Londres. El presidente Trump se reunió con la reina Isabel II y el príncipe Carlos en el Palacio de Buckingham, comenzando tres días de la visita real, cuyo rasgo diplomático ha sido cuidadosamente diseñado.

La familia real almorzó, tomó té y le mostró pinturas antiguas de George Washington al presidente Trump. Pero primero, el mandatario estadounidense calificó al popular alcalde de Londres Sadiq Khan como “perdedor”, y lo comparó con el “tonto e incompetente” alcalde de Nueva York, Bill de Blasio. El domingo, Khan escribió en The Guardian que el lenguaje de Trump es como el de los “fascistas del siglo XX”.

Khan publicó un mensaje videograbado el lunes por la tarde, donde decía: “Presidente Trump, si está viendo esto, sus valores son lo opuesto a los valores de Londres y los valores de este país”.

Trump se dio tiempo para criticar en Twitter la cobertura de CNN sobre su viaje, que apenas había comenzado.

La visita precisamente ocurre en un momento incómodo para la política británica.

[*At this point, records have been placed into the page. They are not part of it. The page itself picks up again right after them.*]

lemma MRC_winner_tight_coalition:
  assumes mrc: "MRC J I K bidder a b c X \<rho>" and "finite I" "i \<in> I" "winner bidder X i"
  obtains C where "C \<subseteq> I" "i \<notin> C"
    "(\<Sum>j\<in>C. bamt bidder b X j - \<rho> j) + (\<Sum>j\<in>I. \<rho> j) \<le> w J K bidder a b c C"
proof (rule ccontr)
  note tight = that
  let ?slack = "\<lambda>C. (\<Sum>j\<in>C. bamt bidder b X j - \<rho> j) + (\<Sum>j\<in>I. \<rho> j) - w J K bidder a b c C"
  let ?\<C> = "{C. C \<subseteq> I \<and> i \<notin> C}"
  assume "\<not> thesis"
  then have pos: "?slack C > 0" if "C \<in> ?\<C>" for C
  proof -
    have "C \<subseteq> I" "i \<notin> C" using that by auto
    then have "\<not> (\<Sum>j\<in>C. bamt bidder b X j - \<rho> j) + (\<Sum>j\<in>I. \<rho> j) \<le> w J K bidder a b c C"
      using tight[of C] \<open>\<not> thesis\<close> by blast
    then show ?thesis by simp
  qed
  have fin: "finite (?slack ` ?\<C>)" using \<open>finite I\<close> by simp
  have "{} \<in> ?\<C>" by simp
  then have ne: "?slack ` ?\<C> \<noteq> {}" by blast
  define \<epsilon> where "\<epsilon> = Min (?slack ` ?\<C>)"
  have "\<epsilon> > 0" unfolding \<epsilon>_def using fin ne pos by (subst Min_gr_iff) auto
  have slack: "w J K bidder a b c C + \<epsilon> \<le> (\<Sum>j\<in>C. bamt bidder b X j - \<rho> j) + (\<Sum>j\<in>I. \<rho> j)"
    if "C \<subseteq> I" "i \<notin> C" for C
  proof -
    have "\<epsilon> \<le> ?slack C" unfolding \<epsilon>_def using fin that by (intro Min_le) auto
    then show ?thesis by simp
  qed
  have "core_selecting J I K bidder a b c X \<rho>" using mrc unfolding MRC_def by blast
  from core_selecting_lower_winner_payment[OF this assms(2-4) \<open>\<epsilon> > 0\<close> slack]
  have "core_selecting J I K bidder a b c X (\<lambda>j. \<rho> j - (if j = i then \<epsilon> else 0))" .
  then have "(\<Sum>j\<in>I. \<rho> j) \<le> (\<Sum>j\<in>I. \<rho> j - (if j = i then \<epsilon> else 0))"
    using mrc unfolding MRC_def by blast
  then show False using \<open>finite I\<close> \<open>i \<in> I\<close> \<open>\<epsilon> > 0\<close> by (simp add: sum_subtractf)
qed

Seguridad provoca cancelación

Trump no recibió la tradicional bienvenida real a través del desfile de guardias a caballo, ni participó en una procesión de carruajes de oro, debido a problemas de seguridad.

Tampoco se quedará a pasar la noche en el Palacio de Buckingham, debido a que se encuentra en obras de remodelación. Estará en Winfield House, la residencia del embajador de Estados Unidos.

Después del almuerzo, la reina Isabel acompañó al presidente y a la primera dama a la galería de fotos del palacio, para ver algunas piezas de interés histórico para Estados Unidos.

Woody Johnson, quien además de ser embajador de Estados Unidos en Reino Unido es dueño del equipo de futbol americano New York Jets, calificó la visita de Estado como muy significativa.

“Él sabe que la seguridad y la prosperidad de Estados Unidos están directamente relacionadas con la seguridad y la prosperidad del Reino Unido”, comentó el diplomático.